Pembukaan konstitusi kita dengan terang-benderang  menyebutkan, bahwa NKRI dibentuk antara lain untuk “melindungi segenap bangsa Indonesia dan seluruh tumpah darah Indonesia dan untuk memajukan kesejahteraan umum, mencerdaskan kehidupan bangsa.”Bagaimana mau memajukan ksejahteraan umum (baca; rakyat Indonesia) kalau tiap terbentur masalah fiskal, pemerintah selalu saja mengambil jalan gampang. Mengurangi subsidi!

Padahal, baik pemerintah maupun para pakar tadi paham betul, mengurangi subsidi berarti menaikkan harga BBM. Itu berarti bakal mengerek harga berbagai kebutuhan lainnya. Mereka bisa saja berdalih, bahwa kenaikan inflasi akibat menaikkan harga BBM cuma nol koma sekian persen, atau satu koma sedikit persen.

Buat rakyat, mereka tidak mengerti apa inflasi. Jangankan cuma nol koma sekian persen, andai BPS melaporkan inflasi menyundul 100% pun, rakyat tetap saja tidak paham. Yang mereka rasakan adalah, harga-harga kian membumbung bagai hendak merangkul awan.
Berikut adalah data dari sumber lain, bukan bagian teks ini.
(* Let $\lambda_1,\lambda_2\ge0$ and let $\mathbf m\in\mathcal B(\lambda+\rho)_{res}$ be the head of its resonance family $RF(\mathbf m)$. If $RF(\mathbf m)\cap\mathcal B(\lambda+\rho)=\emptyset$, then $$RF(\mathbf m)=\{f_1^{t_1}f_2^{t_2}\mathbf m:\ 0\le t_1\le s_6+1,\ 0\le t_2\le\min\{s_2,s_5\}+1\},$$ where $s_2,s_5,s_6$ are the bounding data of $\mathbf m$ (and all these iterated lowerings are nonzero).
   Context: For $\mathbf m\in\mathbb Z_{\ge0}^6$ and integers $\lambda_1,\lambda_2\ge0$: $s_1=\lambda_2+m_5+m_6-m_1-m_2-m_3$, $s_2=\lambda_2+m_5+m_6-m_2-2m_3$, $s_3=\lambda_2+m_6-m_3-m_4$, $s_4=\lambda_2+m_6-m_4-m_5$, $s_5=\lambda_2-m_5$, $s_6=\lambda_1-m_6$. $\mathcal B(\lambda+\rho)$: all $s_j\ge-1$ and $2s_3-s_4\ge-1$. $\mathcal B(\lambda+\rho)_{res}$: $m_3=m_5$, $s_j\ge-1$ for $j\in\{1,2,5,6\}$, $s_3=s_4\le0$ even; decoration $d(\mathbf m)=-s_3/2$. Weight $k(\mathbf m)=(m_2+3m_3+2m_4+3m_5+m_6,\ m_1+m_2+2m_3+m_4+m_5)$. Arrays $\left[\begin{smallmatrix}a&b&c&b&d\\&x&y&z&\\&&k&&\end{smallmatrix}\right]$ (entries in $\mathbb Z_{\ge0}$) with operators: $e_1$: $(a,c,d;y;k)\mapsto(a-1,c+1,d-1;y+1;k+1)$, zero if $\min\{a,d\}=0$; $e_2$: $(b,c;x,z;k)\mapsto(b-1,c+3;x+1,z+1;k+1)$, zero if $b=0$; $f_1$: $(a,c,d;y;k)\mapsto(a+1,c-1,d+1;y-1;k-1)$, zero if $\min\{c,y,k\}=0$; $f_2$: $(b,c;x,z;k)\mapsto(b+1,c-3;x-1,z-1;k-1)$, zero if $\min\{x,z,k\}=0$ or $c<3$ (unlisted entries unchanged; both copies of $b$ change together). $A(\mathbf m)=\left[\begin{smallmatrix}m_2&m_5&m_4&m_5&m_6\\&s_2+1&s_6+1&s_5+1&\\&&d(\mathbf m)&&\end{smallmatrix}\right]$. On Lusztig data, $f_1(\mathbf m)=(m_1,m_2+1,m_3,m_4-1,m_5,m_6+1)$ and $f_2(\mathbf m)=(m_1,m_2,m_3+1,m_4-3,m_5+1,m_6)$, defined (nonzero) exactly when $f_i(A(\mathbf m))\ne0$, and $e_1(\mathbf m)=(m_1,m_2-1,m_3,m_4+1,m_5,m_6-1)$, $e_2(\mathbf m)=(m_1,m_2,m_3-1,m_4+3,m_5-1,m_6)$ likewise. For an array $A$, $\epsilon_i(A)=\max\{n\ge0:e_i^n(A)\ne0\}$ and $\mathrm{hd}(A)=e_1^{\epsilon_1(A)}e_2^{\epsilon_2(A)}(A)$. On $\mathcal B(\lambda+\rho)_{res}$, $\mathbf m\sim\mathbf n$ iff $k(\mathbf m)=k(\mathbf n)$ and $\mathrm{hd}(A(\mathbf m))=\mathrm{hd}(A(\mathbf n))$; the equivalence class of $\mathbf m$ is its resonance family $RF(\mathbf m)$. The head of a resonance family is its unique element $\mathbf n$ with $A(\mathbf n)=\mathrm{hd}(A(\mathbf n))$; it has the form $(n_1,0,0,n_4,0,0)$, $(n_1,n_2,0,n_4,0,0)$ or $(n_1,0,0,n_4,0,n_6)$. *)

theory Defs
  imports Main
begin
lemma permutes_shift_down:
  assumes sig: "\<sigma> permutes {1..n}"
  obtains \<pi> where "\<pi> permutes {0..<n}" and "\<And>k. \<sigma> (Suc k) = Suc (\<pi> k)"
proof -
  define \<pi> where "\<pi> k = (if k < n then \<sigma> (Suc k) - 1 else k)" for k
  have img: "\<sigma> (Suc k) \<in> {1..n}" if "k < n" for k
    using permutes_in_image[OF sig] that by auto
  have shift: "\<sigma> (Suc k) = Suc (\<pi> k)" for k
    using img[of k] permutes_not_in[OF sig, of "Suc k"] unfolding \<pi>_def by fastforce
  have inj: "inj_on \<pi> {0..<n}"
  proof (rule inj_onI)
    fix i j assume "i \<in> {0..<n}" "j \<in> {0..<n}" "\<pi> i = \<pi> j"
    then have "\<sigma> (Suc i) = \<sigma> (Suc j)" using shift by auto
    then show "i = j" using injD[OF permutes_inj[OF sig]] by auto
  qed
  have sub: "\<pi> ` {0..<n} \<subseteq> {0..<n}" using img unfolding \<pi>_def by fastforce
  have "\<pi> ` {0..<n} = {0..<n}" by (rule endo_inj_surj[OF _ sub inj]) simp
  then have "bij_betw \<pi> {0..<n} {0..<n}" using inj by (simp add: bij_betw_def)
  then have "\<pi> permutes {0..<n}" by (rule bij_imp_permutes) (auto simp: \<pi>_def)
  then show ?thesis using that shift by blast
qed


lemma permutes_points:
  assumes sig: "\<sigma> permutes {1..n}" and R: "\<forall>i\<in>{1..n}. \<forall>j\<in>{1..n}. i \<noteq> j \<longrightarrow> R (x i) (x j)"
  shows "\<forall>i\<in>{1..n}. \<forall>j\<in>{1..n}. i \<noteq> j \<longrightarrow> R ((x \<circ> \<sigma>) i) ((x \<circ> \<sigma>) j)"
    and "\<forall>k\<in>{1..n}. (x \<circ> \<sigma>) k \<in> x ` {1..n}"
proof -
  have in_range: "\<sigma> k \<in> {1..n}" if "k \<in> {1..n}" for k
    using permutes_in_image[OF sig] that by auto
  then show "\<forall>i\<in>{1..n}. \<forall>j\<in>{1..n}. i \<noteq> j \<longrightarrow> R ((x \<circ> \<sigma>) i) ((x \<circ> \<sigma>) j)"
    using R permutes_inj[OF sig] by (metis comp_apply inj_eq)
  show "\<forall>k\<in>{1..n}. (x \<circ> \<sigma>) k \<in> x ` {1..n}" using in_range by auto
qed


section \<open>The homogeneous Vandermonde determinant\<close>

definition wedge :: "(nat \<Rightarrow> 'a::field) \<Rightarrow> (nat \<Rightarrow> 'a) \<Rightarrow> nat \<Rightarrow> nat \<Rightarrow> 'a" where
  "wedge a b i j = a i * b j - a j * b i"

definition hvdm :: "nat \<Rightarrow> (nat \<Rightarrow> 'a::field) \<Rightarrow> (nat \<Rightarrow> 'a) \<Rightarrow> 'a" where
  "hvdm n a b = (\<Prod>i<n. \<Prod>j\<in>{i<..<n}. wedge a b i j)"

definition hvdm_mat :: "nat \<Rightarrow> (nat \<Rightarrow> 'a::field) \<Rightarrow> (nat \<Rightarrow> 'a) \<Rightarrow> 'a mat" where
  "hvdm_mat n a b = mat n n (\<lambda>(k,l). a k ^ (n - 1 - l) * b k ^ l)"

lemma hvdm_Suc:
  "hvdm (Suc n) a b = (\<Prod>j\<in>{0<..<Suc n}. wedge a b 0 j) * hvdm n (a \<circ> Suc) (b \<circ> Suc)"
proof -
  have "hvdm (Suc n) a b = (\<Prod>j\<in>{0<..<Suc n}. wedge a b 0 j) *
     (\<Prod>i<n. \<Prod>j\<in>{Suc i<..<Suc n}. wedge a b (Suc i) j)"
    unfolding hvdm_def by (subst prod.lessThan_Suc_shift) simp
  also have "(\<Prod>i<n. \<Prod>j\<in>{Suc i<..<Suc n}. wedge a b (Suc i) j) = hvdm n (a \<circ> Suc) (b \<circ> Suc)"
    unfolding hvdm_def
  proof (rule prod.cong[OF refl])
    fix i assume "i \<in> {..<n}"
    have "{Suc i<..<Suc n} = Suc ` {i<..<n}"
      by (auto simp: image_iff) (metis Suc_lessE Suc_less_SucD greaterThanLessThan_iff less_trans_Suc)
    then show "(\<Prod>j\<in>{Suc i<..<Suc n}. wedge a b (Suc i) j) =
         (\<Prod>j\<in>{i<..<n}. wedge (a \<circ> Suc) (b \<circ> Suc) i j)"
      by (simp add: prod.reindex wedge_def)
  qed
  finally show ?thesis .
qed

lemma hvdm_split:
  "hvdm (m+m) a b =
     hvdm m a b * hvdm m (\<lambda>k. a (m+k)) (\<lambda>k. b (m+k)) * (\<Prod>k<m. \<Prod>r<m. wedge a b k (m+r))"
proof -
  have "hvdm (m+m) a b = (\<Prod>i<m. \<Prod>j\<in>{i<..<m+m}. wedge a b i j) *
      (\<Prod>i<m. \<Prod>j\<in>{m+i<..<m+m}. wedge a b (m+i) j)"
    unfolding hvdm_def by (rule prod_lessThan_add)
  also have "(\<Prod>i<m. \<Prod>j\<in>{i<..<m+m}. wedge a b i j) =
      (\<Prod>i<m. (\<Prod>j\<in>{i<..<m}. wedge a b i j) * (\<Prod>r<m. wedge a b i (m+r)))"
  proof (rule prod.cong[OF refl])
    fix i assume i: "i \<in> {..<m}"
    have "{i<..<m+m} = {i<..<m} \<union> {m..<m+m}" using i by auto
    then have "(\<Prod>j\<in>{i<..<m+m}. wedge a b i j) =
       (\<Prod>j\<in>{i<..<m}. wedge a b i j) * (\<Prod>j\<in>{m..<m+m}. wedge a b i j)"
      by (simp add: prod.union_disjoint ivl_disj_int)
    also have "(\<Prod>j\<in>{m..<m+m}. wedge a b i j) = (\<Prod>r<m. wedge a b i (m+r))"
      by (rule prod.reindex_bij_witness[of _ "\<lambda>r. m+r" "\<lambda>j. j - m"]) auto
    finally show "(\<Prod>j\<in>{i<..<m+m}. wedge a b i j) =
      (\<Prod>j\<in>{i<..<m}. wedge a b i j) * (\<Prod>r<m. wedge a b i (m+r))" .
  qed
  also have "(\<Prod>i<m. \<Prod>j\<in>{m+i<..<m+m}. wedge a b (m+i) j) = hvdm m (\<lambda>k. a (m+k)) (\<lambda>k. b (m+k))"
    unfolding hvdm_def
  proof (rule prod.cong[OF refl])
    fix i assume "i \<in> {..<m}"
    show "(\<Prod>j\<in>{m+i<..<m+m}. wedge a b (m+i) j) =
        (\<Prod>j\<in>{i<..<m}. wedge (\<lambda>k. a (m+k)) (\<lambda>k. b (m+k)) i j)"
      by (rule prod.reindex_bij_witness[of _ "\<lambda>r. m+r" "\<lambda>j. j - m"]) (auto simp: wedge_def)
  qed
  finally show ?thesis unfolding hvdm_def by (simp add: prod.distrib)
qed
lemma psi0_nth: "j < 2 ^ n \<Longrightarrow> psi0 n $ j = (if even j then psi_scale n * path_phase n j else 0)"
  and psi1_nth: "j < 2 ^ n \<Longrightarrow> psi1 n $ j = (if even j then 0 else psi_scale n * path_phase n j)"
  by (simp_all add: psi0_def psi1_def psi_scale_def path_phase_def)

lemma D_mat_eq_half_pair_proj: "D_mat n = (1/2) \<cdot>\<^sub>m pair_proj (2 ^ n) (psi0 n) (psi1 n)"
proof (rule eq_matI)
  fix j l
  assume "j < dim_row ((1/2) \<cdot>\<^sub>m pair_proj (2 ^ n) (psi0 n) (psi1 n))"
    and "l < dim_col ((1/2) \<cdot>\<^sub>m pair_proj (2 ^ n) (psi0 n) (psi1 n))"
  then have j: "j < 2 ^ n" and l: "l < 2 ^ n" by (simp_all add: pair_proj_def)
  have s: "complex_of_real (psi_scale n) * complex_of_real (psi_scale n) = 2 * 2 powr (- real n)"
    by (simp flip: of_real_mult add: psi_scale_square)
  show "D_mat n $$ (j, l) = ((1/2) \<cdot>\<^sub>m pair_proj (2 ^ n) (psi0 n) (psi1 n)) $$ (j, l)"
    using j l
    by (simp add: D_mat_def pair_proj_def D_entry_eq psi0_nth psi1_nth algebra_simps s)
qed (simp_all add: D_mat_def pair_proj_def)

lemma psi_scale_square_mult_card:
  assumes "n \<ge> 1"
  shows "(psi_scale n)\<^sup>2 * 2 ^ (n - 1) = 1"
proof -
  have "(2::real) ^ (n - 1) = 2 powr (real n - 1)"
    using assms by (simp add: powr_realpow[symmetric] of_nat_diff)
  moreover have "(2::real) powr (- real n) * 2 powr (real n - 1) = 2 powr (- 1)"
    by (simp flip: powr_add)
  ultimately show ?thesis
    by (simp add: power2_eq_square psi_scale_square powr_minus_divide)
qed

lemma vnorm2_psi0: "n \<ge> 1 \<Longrightarrow> vnorm2 (psi0 n) = 1"
  and vnorm2_psi1: "n \<ge> 1 \<Longrightarrow> vnorm2 (psi1 n) = 1"
proof -
  assume n: "n \<ge> 1"
  then have N: "(2::nat) ^ n = 2 * 2 ^ (n - 1)" by (cases n) auto
  have entry0: "(cmod (psi0 n $ j))\<^sup>2 = (if even j = True then (psi_scale n)\<^sup>2 else 0)"
    and entry1: "(cmod (psi1 n $ j))\<^sup>2 = (if even j = False then (psi_scale n)\<^sup>2 else 0)"
    if "j < 2 ^ n" for j
    using that by (simp_all add: psi0_nth psi1_nth norm_mult norm_path_phase)
  have "vnorm2 (psi0 n) = (\<Sum>j::nat<2 ^ n. if even j = True then (psi_scale n)\<^sup>2 else 0)"
    unfolding vnorm2_def dim_psi by (rule sum.cong) (simp_all add: entry0)
  moreover have "vnorm2 (psi1 n) = (\<Sum>j::nat<2 ^ n. if even j = False then (psi_scale n)\<^sup>2 else 0)"
    unfolding vnorm2_def dim_psi by (rule sum.cong) (simp_all add: entry1)
  ultimately show "vnorm2 (psi0 n) = 1" "vnorm2 (psi1 n) = 1"
    unfolding N sum_lessThan_double_if_parity using psi_scale_square_mult_card[OF n]
    by (simp_all add: mult.commute)
qed

lemma vinner_psi0_psi1: "vinner (psi0 n) (psi1 n) = 0"
  unfolding vinner_def dim_psi by (intro sum.neutral) (simp add: psi0_nth psi1_nth)

lemma orthonormal_pair_psi: "n \<ge> 1 \<Longrightarrow> orthonormal_pair (2 ^ n) (psi0 n) (psi1 n)"
  using dim_psi vnorm2_psi0 vnorm2_psi1 vinner_psi0_psi1
  by unfold_locales (auto intro: carrier_vecI)

theorem theorem5p6:
  fixes n :: nat
  assumes "n \<ge> 1"
  shows "char_poly (D_mat n) = [:- (1/2), 1:] ^ 2 * [:0, 1:] ^ (2 ^ n - 2)
     \<and> eigenvector (D_mat n) (psi0 n) (1/2)
     \<and> eigenvector (D_mat n) (psi1 n) (1/2)
     \<and> vnorm2 (psi0 n) = 1 \<and> vnorm2 (psi1 n) = 1
     \<and> vinner (psi0 n) (psi1 n) = 0
     \<and> (\<forall>v \<in> carrier_vec (2 ^ n). D_mat n *\<^sub>v v = (1/2) \<cdot>\<^sub>v v \<longrightarrow>
          (\<exists>a b. v = a \<cdot>\<^sub>v psi0 n + b \<cdot>\<^sub>v psi1 n))"
proof -
  interpret orthonormal_pair "2 ^ n" "psi0 n" "psi1 n"
    using orthonormal_pair_psi[OF assms] .
  have half: "(1/2 :: complex) \<noteq> 0" by simp
  show ?thesis
    unfolding D_mat_eq_half_pair_proj
  proof (intro conjI ballI impI)
    fix v :: "complex vec"
    assume "v \<in> carrier_vec (2 ^ n)" "((1/2) \<cdot>\<^sub>m P) *\<^sub>v v = (1/2) \<cdot>\<^sub>v v"
    then show "\<exists>a b. v = a \<cdot>\<^sub>v psi0 n + b \<cdot>\<^sub>v psi1 n"
      by (blast dest: smult_pair_proj_eigenvector_in_span[OF half])
  qed (fact char_poly_smult_pair_proj[OF half] eigenvector_p[OF half] eigenvector_q[OF half]
      vnorm2_p vnorm2_q vinner_p_q)+
qed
Yang mereka rasakan adalah pendapatan yang tidak kunjung bertambah angkanya, apalagi nilainya. Hidup kian berat. Stress berkepanjangan. Tidak sedikit yang menjadi gila, bahkan bunuh diri dengan sebelumnya membunuh balita mereka.

Kondisi inilah yang mungkin digambarkan dalam simulasi kenaikan harga BBM yang dibuat gank Jokowi-JK. Dengan konsumsi BBM 46 juta kilo liter, tiap kenaikan harga BBM Rp500/liter, akan melahirkan 800.000 orang miskin baru. Padahal, jika harga BBM dikerek Rp500/litersaja, maka anggaran yang berhasil dihemat hanya sekitar Rp23  triliun.

Sebagai pembanding, anggaran pengentasan kemiskinan yang tersebar di 17 kementerian dan lembaga sepanjang 2013kemarin sekitar Rp94 triliun. Dari anggaran supergede itu, jumlah orang miskin yang berhasil dientaskan hanya 600.000 orang!

Amboi, betapa njomplang-nya. Untuk menghemat Rp23triliun, negara harus memiskinkan 800.000 rakyatnya. Tapi dengan Rp94 triliun, jumlah yang dientaskan dari kemiskinan hanya, ulangi sekali lagi; HANYA 600.000 orang!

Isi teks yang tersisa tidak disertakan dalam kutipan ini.